Yet, rather than implementing privacy-by-design principles, Clubhouse’s approach to date feels more like privacy takes a back seat to its data collection activities. Privacy is acknowledged, but it does not seem to be a high priority.
Global privacy considerations given short shrift.
At this point, the bulk of Clubhouse’s privacy shortcomings are well documented, and so are not explored in depth here beyond a brief discussion of what are to date the most commonly highlighted issues. Of those, the two most readily apparent privacy concerns with Clubhouse include that its public-facing privacy disclosures don’t appear to be directed to individuals, or account for privacy laws, outside the United States, and that Clubhouse’s privacy disclosures and other practices suggest that it may be collecting data and building profiles about individuals who have not signed up for Clubhouse, i.e., shadow profiles.

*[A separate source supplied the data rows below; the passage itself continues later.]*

lemma mpp_rel_rename:
  assumes wf: "mpp_wf Rels xs Ys \<Phi>" and xs': "distinct xs'" "set xs' = set xs"
  shows "mpp_rel p U xs' Ys \<Phi> = (\<lambda>t. map (assign xs t) xs') ` mpp_rel p U xs Ys \<Phi>"
proof
  show "(\<lambda>t. map (assign xs t) xs') ` mpp_rel p U xs Ys \<Phi> \<subseteq> mpp_rel p U xs' Ys \<Phi>"
    using map_assign_mem_mpp_rel[OF wf xs'] by blast
  show "mpp_rel p U xs' Ys \<Phi> \<subseteq> (\<lambda>t. map (assign xs t) xs') ` mpp_rel p U xs Ys \<Phi>"
  proof
    fix a assume a: "a \<in> mpp_rel p U xs' Ys \<Phi>"
    have wf': "mpp_wf Rels xs' Ys \<Phi>" and dist: "distinct xs"
      using wf xs' by (auto simp: mpp_wf_def)
    let ?t = "map (assign xs' a) xs"
    have "?t \<in> mpp_rel p U xs Ys \<Phi>"
      using map_assign_mem_mpp_rel[OF wf' dist xs'(2)[symmetric] a] .
    moreover have "map (assign xs ?t) xs' = a"
    proof -
      have "map (assign xs ?t) xs' = map (assign xs' a) xs'"
        using dist xs'(2) by (auto simp: assign_map)
      also have "\<dots> = a"
        using a xs'(1) by (simp add: map_assign mpp_rel_def)
      finally show ?thesis .
    qed
    ultimately show "a \<in> (\<lambda>t. map (assign xs t) xs') ` mpp_rel p U xs Ys \<Phi>" by force
  qed
qed

section \<open>Closure properties of mpp-definable relations\<close>

lemma mpp_definable_subset_tuples: "mpp_definable p U Rels n R \<Longrightarrow> R \<subseteq> tuples U n"
  by (auto simp: mpp_definable_def mpp_rel_def tuples_def)

lemma mpp_definable_regroup:
  assumes "mpp_definable p U Rels n R"
  shows "mpp_definable p U Rels n ((\<lambda>t. nths t I @ nths t ({..<n} - I)) ` R)"
proof -
  obtain xs Ys \<Phi> where wf: "mpp_wf Rels xs Ys \<Phi>" and len: "length xs = n"
    and R: "R = mpp_rel p U xs Ys \<Phi>"
    using assms unfolding mpp_definable_def by blast
  let ?xs' = "nths xs I @ nths xs ({..<n} - I)"
  have dist: "distinct xs" using wf by (simp add: mpp_wf_def)
  have "xs ! i \<noteq> xs ! j" if "i \<in> I" "j \<notin> I" "i < n" "j < n" for i j
    using that dist len nth_eq_iff_index_eq by fastforce
  then have dist': "distinct ?xs'"
    using dist len by (auto simp: set_nths)
  have set': "set ?xs' = set xs"
    using len by (auto simp: set_nths in_set_conv_nth) blast
  have "length ?xs' = n"
    using distinct_card[OF dist'] distinct_card[OF dist] set' len by simp
  moreover have "mpp_wf Rels ?xs' Ys \<Phi>"
    using wf dist' set' by (simp add: mpp_wf_def)
  moreover have "map (assign xs t) ?xs' = nths t I @ nths t ({..<n} - I)" if "t \<in> R" for t
    using that dist len by (simp add: R mpp_rel_def nths_map[symmetric] map_assign)
  then have "mpp_rel p U ?xs' Ys \<Phi> = (\<lambda>t. nths t I @ nths t ({..<n} - I)) ` R"
    unfolding mpp_rel_rename[OF wf dist' set'] R[symmetric] by (rule image_cong[OF refl])
  ultimately show ?thesis unfolding mpp_definable_def by metis
qed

Certain Clubhouse features may result in GDPR violations.
Uploaded contact data could be used to build shadow profiles.
The second concern, that Clubhouse is collecting data to create shadow profiles of individuals, is based in large part on the process of joining, and inviting others to join, Clubhouse. As noted above, Clubhouse is at present invitation only. If you have already joined Clubhouse, you are provided a limited number of invitations to dole out to contacts. (This limitation on available invites is part of the exclusivity that is driving demand.) Clubhouse continues to increase the number of invites allotted to members. But there’s a catch to inviting other users to the platform: in order to send an invitation, you can’t simply enter the intended recipient’s email address or phone number; rather, you first have to allow Clubhouse to access your contacts from your device before you can select a recipient. In other words, you have to provide Clubhouse with access to the personal data of all your contacts stored in your device in order to invite any of them to the platform.

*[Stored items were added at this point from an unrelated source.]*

(* Let $\boldsymbol{M}$ be a weight sequence with $\gamma(\boldsymbol{M})>0$. Then $\mathcal{M}(C_{\{\boldsymbol{M}\}}(0,\infty))\subset\Lambda_{\{\boldsymbol{M}\}}$ if and only if $\boldsymbol{M}$ satisfies $\operatorname{(dc)}$.
   Context: Sequences are of positive reals indexed by $\mathbb{N}_0$; $m_p=M_{p+1}/M_p$. Weight sequence: $M_0=1$, $M_p^2\le M_{p-1}M_{p+1}$ ($p\ge1$), $m_p\to\infty$. $\operatorname{(dc)}$: there are $C_0>0$, $H>1$ with $M_{p+1}\le C_0H^{p+1}M_p$ for all $p$. A sequence $(c_p)$ is almost increasing if $c_p\le ac_q$ for all $q\ge p$, some $a>0$; $\gamma(\boldsymbol{M})=\sup\{\mu>0:(m_p/(p+1)^\mu)_p\text{ almost increasing}\}\in[0,\infty]$. $C_{\{\boldsymbol{M}\}}(0,\infty)$ is the space of continuous $\varphi$ on $(0,\infty)$ with $\sup_p\sup_{x>0}x^p|\varphi(x)|/(h^pM_p)<\infty$ for some $h>0$. $\Lambda_{\{\boldsymbol{M}\}}$ is the space of complex sequences $(c_p)$ with $\sup_p|c_p|/(h^pM_p)<\infty$ for some $h>0$. $\mathcal{M}(\varphi)=(\int_0^\infty x^p\varphi(x)\,dx)_{p\in\mathbb{N}_0}$. *)

theory Defs
  imports "HOL-Analysis.Analysis"
begin

definition quot_seq :: "(nat \<Rightarrow> real) \<Rightarrow> nat \<Rightarrow> real" where
  "quot_seq M p = M (Suc p) / M p"

definition weight_sequence :: "(nat \<Rightarrow> real) \<Rightarrow> bool" where
  "weight_sequence M \<longleftrightarrow>
     (\<forall>p. M p > 0) \<and> M 0 = 1 \<and>
     (\<forall>p\<ge>1. (M p)^2 \<le> M (p - 1) * M (p + 1)) \<and>
     filterlim (quot_seq M) at_top sequentially"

Conversations on Clubhouse may be recorded, conversation content may be collected in real time, and audio from conversations may be vulnerable to government eavesdropping.
Less obvious but perhaps more dire issues include observations that conversations on Clubhouse are neither as private nor as secure as described in Clubhouse’s documentation. Specific criticisms point out that Clubhouse records audio, and therefore conversations, absent meaningful consent, and that portions of the Clubhouse app’s back-end infrastructure, which potentially stores user data and recordings, may be hosted on servers easily accessible by foreign state actors.

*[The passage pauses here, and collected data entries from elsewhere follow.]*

lemma sum_orbits_bij_betw:
  assumes "bij_betw f S S" "finite S"
  shows "sum g S = (\<Sum>P\<in>orbit f ` S. sum g P)"
proof -
  have union: "\<Union> (orbit f ` S) = S"
    using self_in_orbit_bij_betw[OF assms] orbit_subset_bij_betw[OF assms(1)] by blast
  have eq: "P = Q"
    if PQ: "P \<in> orbit f ` S" "Q \<in> orbit f ` S" and z: "z \<in> P" "z \<in> Q" for P Q z
  proof -
    obtain x y where "x \<in> S" "P = orbit f x" "y \<in> S" "Q = orbit f y"
      using PQ by blast
    then show "P = Q"
      using z orbit_eq_if_in_orbit self_in_orbit_bij_betw[OF assms] by metis
  qed
  have disj: "\<forall>P\<in>orbit f ` S. \<forall>Q\<in>orbit f ` S. P \<noteq> Q \<longrightarrow> P \<inter> Q = {}"
    using eq by auto
  have fin: "\<forall>P\<in>orbit f ` S. finite P"
    using orbit_subset_bij_betw[OF assms(1)] assms(2) finite_subset by blast
  show ?thesis
    using sum.Union_disjoint[OF fin disj, of g] by (simp add: union)
qed

locale de_bruijn_edge_permutation =
  fixes k :: nat and \<mu>k :: "bool list pmf" and \<phi> :: "bool list \<Rightarrow> bool list"
  assumes set_pmf_subset: "set_pmf \<mu>k \<subseteq> bin_strings (Suc k)"
    and bij: "bij_betw \<phi> (bin_strings (Suc k)) (bin_strings (Suc k))"
    and pmf_\<phi>: "\<And>\<eta>. \<eta> \<in> bin_strings (Suc k) \<Longrightarrow> pmf \<mu>k (\<phi> \<eta>) = pmf \<mu>k \<eta>"
    and \<phi>_follows_edge: "\<And>\<xi>. \<xi> \<in> bin_strings k \<Longrightarrow> \<phi> ` {False # \<xi>, True # \<xi>} = {\<xi> @ [False], \<xi> @ [True]}"
begin

abbreviation edges :: "bool list set" where
  "edges \<equiv> bin_strings (Suc k)"

lemma funpow_\<phi>_in_edges: "\<eta> \<in> edges \<Longrightarrow> (\<phi> ^^ n) \<eta> \<in> edges"
  by (rule funpow_in_bij_betw[OF bij])

lemma self_in_orbit_\<phi>: "\<eta> \<in> edges \<Longrightarrow> \<eta> \<in> orbit \<phi> \<eta>"
  by (rule self_in_orbit_bij_betw[OF bij finite_bin_strings])

lemma nth_\<phi>:
  assumes "\<eta> \<in> edges" "i < k"
  shows "\<phi> \<eta> ! i = \<eta> ! Suc i"
proof -
  obtain a \<xi> where \<eta>: "\<eta> = a # \<xi>" and \<xi>: "\<xi> \<in> bin_strings k"
    using assms(1) by (cases \<eta>) (auto simp: bin_strings_def)
  have "\<phi> \<eta> \<in> {\<xi> @ [False], \<xi> @ [True]}"
    using \<phi>_follows_edge[OF \<xi>] \<eta> by (cases a) auto
  then show ?thesis
    using assms(2) \<xi> \<eta> by (auto simp: bin_strings_def nth_append)
qed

Conversations may be recorded without adequate consent.
The audio-only nature of the platform creates a challenging landscape for Clubhouse with regard to recording conversations. On the one hand, it is important that Clubhouse is able to investigate any abuse and other Trust and Safety violations that occur on the platform, and being able to review recorded audio may be the most effective way to do that. However, there are serious doubts as to whether users are even aware of, let alone have consented to, Clubhouse’s audio recordings, and therefore whether such recordings are made legally.
The requirements for legally recording a conversation vary from state to state and across the globe, and may depend on factors such as the medium over which the conversation takes place or is recorded, as well as other circumstances surrounding the conversation, such as whether it takes place in a public forum versus one where the participants would reasonably expect the conversation to be private.
Typically recording a conversation requires the meaningful consent of at least one of the participating parties. Meaningful consent to record a conversation is often obtained through a just-in-time notice presented in a manner that informs the individual of the recording and allows them an opportunity to refuse their consent. For example, when you hear “this call may be recorded for quality and training purposes,” you have the option to hang up if you don’t consent to the call being recorded.
All that said, Clubhouse does state that any temporary recordings are made solely for Clubhouse to investigate Trust and Safety violations, and that such temporary recordings are encrypted. Seemingly, then, even where consent for the recordings is obtained on shaky grounds, the recordings themselves are only used for a specific limited purpose, and are not disclosed or otherwise available to any third parties. Unfortunately, from a privacy perspective, there are problems that persist despite these limitations and safeguards.
Data related to conversations may be collected and used for profiling.
That said, Clubhouse may have very little reason or desire to expand its audio recording activities beyond its current practices. Additional recording activities would likely increase its exposure to consent-based and other privacy risks, and as discussed in the next section, Clubhouse is likely already capturing the bulk of the value from “content” created and shared on its platform.
Natural language processing can be used to collect real-time conversation data.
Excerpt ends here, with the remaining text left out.